In short, when a blood vessel is injured, the body forms a blood clot and produces fibrin, along with various cells, proteins playing the biggest role, to seal the damaged area and prevent blood loss. This whole process is carefully regulated to avoid both excessive bleeding and excessive clotting. That’s it.

This is what I’ve realized after reading the book:

Understanding the basic concepts of coagulation and fibrinolysis is essential. These processes are vital for maintaining the balance between stopping bleeding and preventing excessive clot formation. By understanding how they work, everyone can better recognize, manage, and prevent life-threatening conditions such as severe bleeding, thrombosis, and delayed wound healing. The information I learned about coagulation and fibrinolysis was very enlightening. However, I noticed that the book focuses mainly on these mechanisms at the genomic level, describing only how they function under normal physiological conditions. While this is important for understanding the basic science, it does not take into account other external and environmental factors that may influence these processes in real-life situations.

For instance, microbes and nutrients can have a significant impact on coagulation and fibrinolysis. Microorganisms that enter the bloodstream may alter immune responses, damage blood vessel linings, or produce toxins that affect clotting factors. A good example is pernicious anemia, a condition caused by a lack of vitamin B12, which is necessary for the production of healthy red blood cells. According to Dr. Hulda Clark in her book The Cure for All Diseases, most patients with pernicious anemia were found to be infected with Ascaris worms that absorb vitamin B12 from their host. This link between infection and nutrient deficiency shows how microbes can directly influence blood health and clotting function. Nutritional factors are also crucial. Chlorophyll, as mentioned by Dr. Rudy Davis, can support blood health and help reduce bleeding by promoting tissue repair and oxygen delivery. Likewise, vitamin C, highlighted by Dr. Thomas Levy, plays an essential role in controlling inflammation, strengthening blood vessels, and supporting overall immune function. These examples show that nutrients work together with the body’s natural coagulation system to maintain vascular integrity and promote healing.
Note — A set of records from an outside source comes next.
(* Let $A$ be a nonempty set of positive integers and let $n$ be a positive integer. Then (a) $\displaystyle nN^p_A(n)=\sum_{k=1}^{n-1}N^p_A(k)\sigma_A(n-k)+\sum_{t=1}^{n}t\,\tau_A(t)\,p_A(n-t)$; (b) $\displaystyle nN^q_A(n)=\sum_{k=1}^{n-1}N^q_A(k)\sigma^s_A(n-k)+\sum_{t=1}^{n}t\,\tau^s_A(t)\,q_A(n-t)$.
   Context: For a set $A$ of positive integers: $N^p_A(n)$ (resp. $N^q_A(n)$) is the total number of parts, summed over all partitions (resp. partitions into pairwise distinct parts) of $n$ with parts in $A$; $p_A(m)$ (resp. $q_A(m)$) is the number of partitions (resp. partitions into distinct parts) of $m$ with parts in $A$, with $p_A(0)=q_A(0)=1$. $\tau_A(n)=\sum_{a\in A,\,a\mid n}1$, $\tau^s_A(n)=\sum_{a\in A,\,a\mid n}(-1)^{n/a-1}$, $\sigma_A(n)=\sum_{a\in A,\,a\mid n}a$, $\sigma^s_A(n)=\sum_{a\in A,\,a\mid n}(-1)^{n/a-1}a$. *)

theory Defs
  imports Main "HOL-Library.Multiset"
begin

definition parts_p :: "nat set \<Rightarrow> nat \<Rightarrow> nat multiset set" where
  "parts_p A n = {M. set_mset M \<subseteq> A \<and> sum_mset M = n}"

definition parts_q :: "nat set \<Rightarrow> nat \<Rightarrow> nat set set" where
  "parts_q A n = {S. finite S \<and> S \<subseteq> A \<and> \<Sum>S = n}"

definition p_A :: "nat set \<Rightarrow> nat \<Rightarrow> nat" where
  "p_A A m = card (parts_p A m)"

definition q_A :: "nat set \<Rightarrow> nat \<Rightarrow> nat" where
  "q_A A m = card (parts_q A m)"

definition Np :: "nat set \<Rightarrow> nat \<Rightarrow> nat" where
  "Np A n = (\<Sum>M\<in>parts_p A n. size M)"

definition Nq :: "nat set \<Rightarrow> nat \<Rightarrow> nat" where
  "Nq A n = (\<Sum>S\<in>parts_q A n. card S)"

definition tau_A :: "nat set \<Rightarrow> nat \<Rightarrow> int" where
  "tau_A A n = (\<Sum>a\<in>{a\<in>A. a dvd n}. 1)"

definition tau_s_A :: "nat set \<Rightarrow> nat \<Rightarrow> int" where
  "tau_s_A A n = (\<Sum>a\<in>{a\<in>A. a dvd n}. (-1) ^ (n div a - 1))"

definition sigma_A :: "nat set \<Rightarrow> nat \<Rightarrow> int" where
  "sigma_A A n = (\<Sum>a\<in>{a\<in>A. a dvd n}. int a)"

definition sigma_s_A :: "nat set \<Rightarrow> nat \<Rightarrow> int" where
  "sigma_s_A A n = (\<Sum>a\<in>{a\<in>A. a dvd n}. (-1) ^ (n div a - 1) * int a)"

end

theory Submission
  imports Defs
begin

text \<open>
  Let P be p_A (resp. q_A), N the matching part count, and (f * g)(m) = \<Sum>t=1..m. f t g (m - t).
  Summing a weight w over all parts of all partitions of m gives
  \<Sum>s=1..m. (\<Sum>a \<in> A, a dvd s. c (s div a) w a) P (m - s), with c = 1 (resp. c j = (-1)^(j-1)):
  the partitions with at least j copies of a are those of m - j a with j copies of a added, while
  the partitions of m into distinct parts containing a number q_A (m - a) minus those of m - a
  containing a, which unfolds into an alternating sum.  The weights w = 1 and w a = a give
  N = \<tau> * P and m P (m) = (\<sigma> * P)(m).  Multiplication by the index is a derivation of *,
  so n N = (t \<tau>) * P + \<tau> * (\<sigma> * P) = (t \<tau>) * P + N * \<sigma>.
\<close>

lemma sum_mset_eq_sum_count:
  fixes f :: "'a \<Rightarrow> 'b::comm_semiring_1"
  assumes "finite B" and "set_mset M \<subseteq> B"
  shows "(\<Sum>x\<in>#M. f x) = (\<Sum>x\<in>B. of_nat (count M x) * f x)"
  using assms(2)
proof (induction M)
  case empty
  then show ?case by simp
next
  case (add y M)
  have "(\<Sum>x\<in>B. of_nat (count (add_mset y M) x) * f x)
      = (\<Sum>x\<in>B. of_nat (count M x) * f x + (if x = y then f y else 0))"
    by (rule sum.cong) (auto simp: algebra_simps)
  also have "\<dots> = (\<Sum>x\<in>B. of_nat (count M x) * f x) + f y"
    using add.prems assms(1) by (simp add: sum.distrib)
  finally show ?case using add by (simp add: add.commute)
qed
(* Let $E$ be a separable metric space, $\mu$ a probability measure on $\mathcal{B}(E)$, and $S : E \to E$ a Borel measurable map. Assume that 1. for every $A \in \mathcal{B}(E)$, $$\lim_{k\to\infty}\sup_{i \in \mathbb{N}} \left|\mu(S^{-i}A \cap S^{-k}S^{-i}A) - \mu(S^{-i}A)\,\mu(S^{-k}S^{-i}A)\right| = 0,$$ and 2. $(E, \mathcal{B}(E), \mu, S)$ is asymptotically stationary with stationary limit $\nu$. For every $n \in \mathbb{N}$ define $\mu_n : \mathcal{B}(E^n) \to [0,1]$ by $\mu_n(A) = \mu\{x \in E : (S(x), \dots, S^n(x)) \in A\}$. Then for every $g \in C_b(E)$, $$\lim_{n\to\infty}\int_{E^n} \left|\frac{1}{n}\sum_{i=1}^n g(x_i) - \int_E g\,d\nu\right|^2 d\mu_n(x_1,\dots,x_n) = 0.$$
   Context: $\mathcal{B}(E)$ is the Borel $\sigma$-algebra; $S^k$ is the $k$-fold composition of $S$ and $S^{-k}A=(S^k)^{-1}(A)$; $\mathbb{N}=\{1,2,\dots\}$. $(E,\mathcal{B}(E),\mu,S)$ is asymptotically stationary with stationary limit $\nu$ if $\nu(A)=\lim_{k\to\infty}\mu(S^{-k}A)$ exists for all $A\in\mathcal{B}(E)$. $C_b(E)$ denotes the bounded continuous scalar-valued functions on $E$. *)

theory Defs
  imports "HOL-Probability.Probability"
begin

definition asymptotically_stationary ::
  "'a::topological_space measure \<Rightarrow> ('a \<Rightarrow> 'a) \<Rightarrow> 'a measure \<Rightarrow> bool" where
  "asymptotically_stationary \<mu> S \<nu> \<longleftrightarrow>
     sets \<nu> = sets borel \<and>
     (\<forall>A\<in>sets borel. (\<lambda>k. emeasure \<mu> ((S ^^ k) -` A)) \<longlonglongrightarrow> emeasure \<nu> A)"

definition mu_n :: "'a::topological_space measure \<Rightarrow> ('a \<Rightarrow> 'a) \<Rightarrow> nat \<Rightarrow> (nat \<Rightarrow> 'a) measure" where
  "mu_n \<mu> S n = distr \<mu> (PiM {1..n} (\<lambda>_. borel)) (\<lambda>x. \<lambda>i\<in>{1..n}. (S ^^ i) x)"

end

theory Submission
  imports Defs
begin

text \<open>
  Pushing mu_n forward to mu turns the integral into the mean square
  E[(1/n sum_{i<=n} g(S^i x) - c)^2] = 1/n^2 sum_{i,j<=n} a_ij, where c is the nu-integral of g,
  m_i = E[g(S^i x)] and a_ij = Cov(g o S^i, g o S^j) + (m_i - c)(m_j - c).
  Asymptotic stationarity is setwise convergence of the laws of S^i to nu, so m_i tends to c for
  bounded Borel g, by uniform approximation with simple functions. The mixing hypothesis says that
  Cov(1_A o S^i, 1_A o S^(i+k)) tends to 0 as k grows, uniformly in i; polarisation over the
  disjoint level sets of a simple function and uniform approximation carry this over to g.
  Hence a_ij is small off a band of bounded width around the diagonal and off finitely many rows
  and columns, and the double Cesaro average tends to 0. Continuity of g, the metric and
  separability are used only through Borel measurability.
\<close>

section \<open>Uniform limits and double averages\<close>

lemma uniform_limit_approximable:
  fixes a :: "'n \<Rightarrow> 'i \<Rightarrow> 'b::metric_space"
  assumes "\<And>e. e > 0 \<Longrightarrow> \<exists>b m. uniform_limit I b m F \<and> (\<forall>x\<in>I. dist (l x) (m x) \<le> e)
             \<and> (\<forall>n. \<forall>x\<in>I. dist (a n x) (b n x) \<le> e)"
  shows "uniform_limit I a l F"
proof (rule uniform_limitI)
  fix e :: real assume "e > 0"
  then obtain b m where b: "uniform_limit I b m F" and lm: "\<forall>x\<in>I. dist (l x) (m x) \<le> e / 3"
    and ab: "\<forall>n. \<forall>x\<in>I. dist (a n x) (b n x) \<le> e / 3"
    using assms[of "e / 3"] by auto
  have "\<forall>\<^sub>F n in F. \<forall>x\<in>I. dist (b n x) (m x) < e / 3"
    using uniform_limitD[OF b, of "e / 3"] \<open>e > 0\<close> by linarith
  then show "\<forall>\<^sub>F n in F. \<forall>x\<in>I. dist (a n x) (l x) < e"
  proof (rule eventually_mono, intro ballI)
    fix n x assume "\<forall>x\<in>I. dist (b n x) (m x) < e / 3" and "x \<in> I"
    then have "dist (b n x) (m x) < e / 3" "dist (a n x) (b n x) \<le> e / 3" "dist (l x) (m x) \<le> e / 3"
      using lm ab by auto
    moreover have "dist (a n x) (l x) \<le> dist (a n x) (b n x) + dist (b n x) (m x) + dist (l x) (m x)"
      using dist_triangle[of "a n x" "l x" "b n x"] dist_triangle[of "b n x" "l x" "m x"]
      by (simp add: dist_commute)
    ultimately show "dist (a n x) (l x) < e" by linarith
  qed
qed

lemma tendsto_approximable:
  fixes a :: "'n \<Rightarrow> 'b::metric_space"
  assumes "\<And>e. e > 0 \<Longrightarrow> \<exists>b m. (b \<longlongrightarrow> m) F \<and> dist l m \<le> e \<and> (\<forall>n. dist (a n) (b n) \<le> e)"
  shows "(a \<longlongrightarrow> l) F"
proof -
  have "uniform_limit {()} (\<lambda>n _. a n) (\<lambda>_. l) F"
  proof (rule uniform_limit_approximable)
    fix e :: real assume "e > 0"
    then obtain b m where "(b \<longlongrightarrow> m) F" "dist l m \<le> e" "\<forall>n. dist (a n) (b n) \<le> e"
      using assms by blast
    then show "\<exists>b m. uniform_limit {()} b m F \<and> (\<forall>x\<in>{()}. dist l (m x) \<le> e)
        \<and> (\<forall>n. \<forall>x\<in>{()}. dist (a n) (b n x) \<le> e)"
      by (intro exI[of _ "\<lambda>n _. b n"] exI[of _ "\<lambda>_. m"]) simp
  qed
  then show ?thesis by simp
qed

lemma uniform_limit_null_SUP:
  fixes f :: "'n \<Rightarrow> 'i \<Rightarrow> real"
  assumes "\<And>n. bdd_above ((\<lambda>x. \<bar>f n x\<bar>) ` I)" and "((\<lambda>n. SUP x\<in>I. \<bar>f n x\<bar>) \<longlongrightarrow> 0) F"
  shows "uniform_limit I f (\<lambda>_. 0) F"
proof (rule uniform_limitI)
  fix e :: real assume "e > 0"
  from order_tendstoD(2)[OF assms(2) this]
  show "\<forall>\<^sub>F n in F. \<forall>x\<in>I. dist (f n x) 0 < e"
  proof (rule eventually_mono, intro ballI)
    fix n x assume "(SUP x\<in>I. \<bar>f n x\<bar>) < e" and "x \<in> I"
    then show "dist (f n x) 0 < e"
      using cSUP_upper[OF \<open>x \<in> I\<close> assms(1)[of n]] by simp
  qed
qed

lemma uniform_limit_null_cmult:
  fixes f :: "'n \<Rightarrow> 'i \<Rightarrow> real"
  assumes "uniform_limit I f (\<lambda>_. 0) F"
  shows "uniform_limit I (\<lambda>n x. c * f n x) (\<lambda>_. 0) F"
  using bounded_linear.uniform_limit[OF bounded_linear_mult_right assms, of c] by simp

lemma uniform_limit_null_sum:
  fixes f :: "'j \<Rightarrow> 'n \<Rightarrow> 'i \<Rightarrow> 'b::real_normed_vector"
  assumes "finite J" and "\<And>j. j \<in> J \<Longrightarrow> uniform_limit I (f j) (\<lambda>_. 0) F"
  shows "uniform_limit I (\<lambda>n x. \<Sum>j\<in>J. f j n x) (\<lambda>_. 0) F"
  using assms
proof (induction J rule: finite_induct)
  case (insert j J)
  then show ?case
    using uniform_limit_add[OF insert.prems[of j]] by simp
qed (simp add: uniform_limit_const)

lemma sum_near_diagonal_le:
  fixes n K :: nat
  shows "(\<Sum>i=1..n. \<Sum>j=1..n. (if i < K \<or> j < K \<or> (i < j + K \<and> j < i + K) then 1 else 0 :: real))
    \<le> 4 * K * n"
proof -
  have row: "(\<Sum>j=1..n. (if i < K \<or> j < K \<or> (i < j + K \<and> j < i + K) then 1 else 0 :: real))
      \<le> (if i < K then real n else 0) + 3 * real K" for i
  proof (cases "i < K")
    case True
    then show ?thesis by (simp add: sum_bounded_above[where K=1, simplified])
  next
    case False
    have "card {j\<in>{1..n}. j < K \<or> (i < j + K \<and> j < i + K)} \<le> card ({..<K} \<union> {i - K..<i + K})"
      by (intro card_mono) auto
    also have "\<dots> \<le> card {..<K} + card {i - K..<i + K}"
      by (rule card_Un_le)
    also have "\<dots> \<le> 3 * K" by simp
    finally show ?thesis using False by (simp add: sum.inter_filter[symmetric])
  qed
  have "card {i\<in>{1..n}. i < K} \<le> card {..<K}"
    by (intro card_mono) auto
  then have "(\<Sum>i=1..n. (if i < K then real n else 0)) \<le> n * K"
    by (simp add: sum.inter_filter[symmetric] mult.commute[of "real n"] mult_right_mono)
  then have "(\<Sum>i=1..n. (if i < K then real n else 0) + 3 * real K) \<le> 4 * K * n"
    by (simp add: sum.distrib algebra_simps)
  moreover have "(\<Sum>i=1..n. \<Sum>j=1..n. (if i < K \<or> j < K \<or> (i < j + K \<and> j < i + K) then 1 else 0 :: real))
      \<le> (\<Sum>i=1..n. (if i < K then real n else 0) + 3 * real K)"
    by (intro sum_mono row)
  ultimately show ?thesis by linarith
qed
In the future, I hope that biochemistry research and education will expand beyond the genomic level and include discussions on how microbes, nutrients, hormones, and medications affect coagulation and fibrinolysis. Understanding these interactions could lead to a more holistic approach to patient care, one that connects genes, molecular biology with nutrition, microbiology, and pharmacology. This broader perspective can ultimately improve disease prevention, treatment outcomes, and overall health management.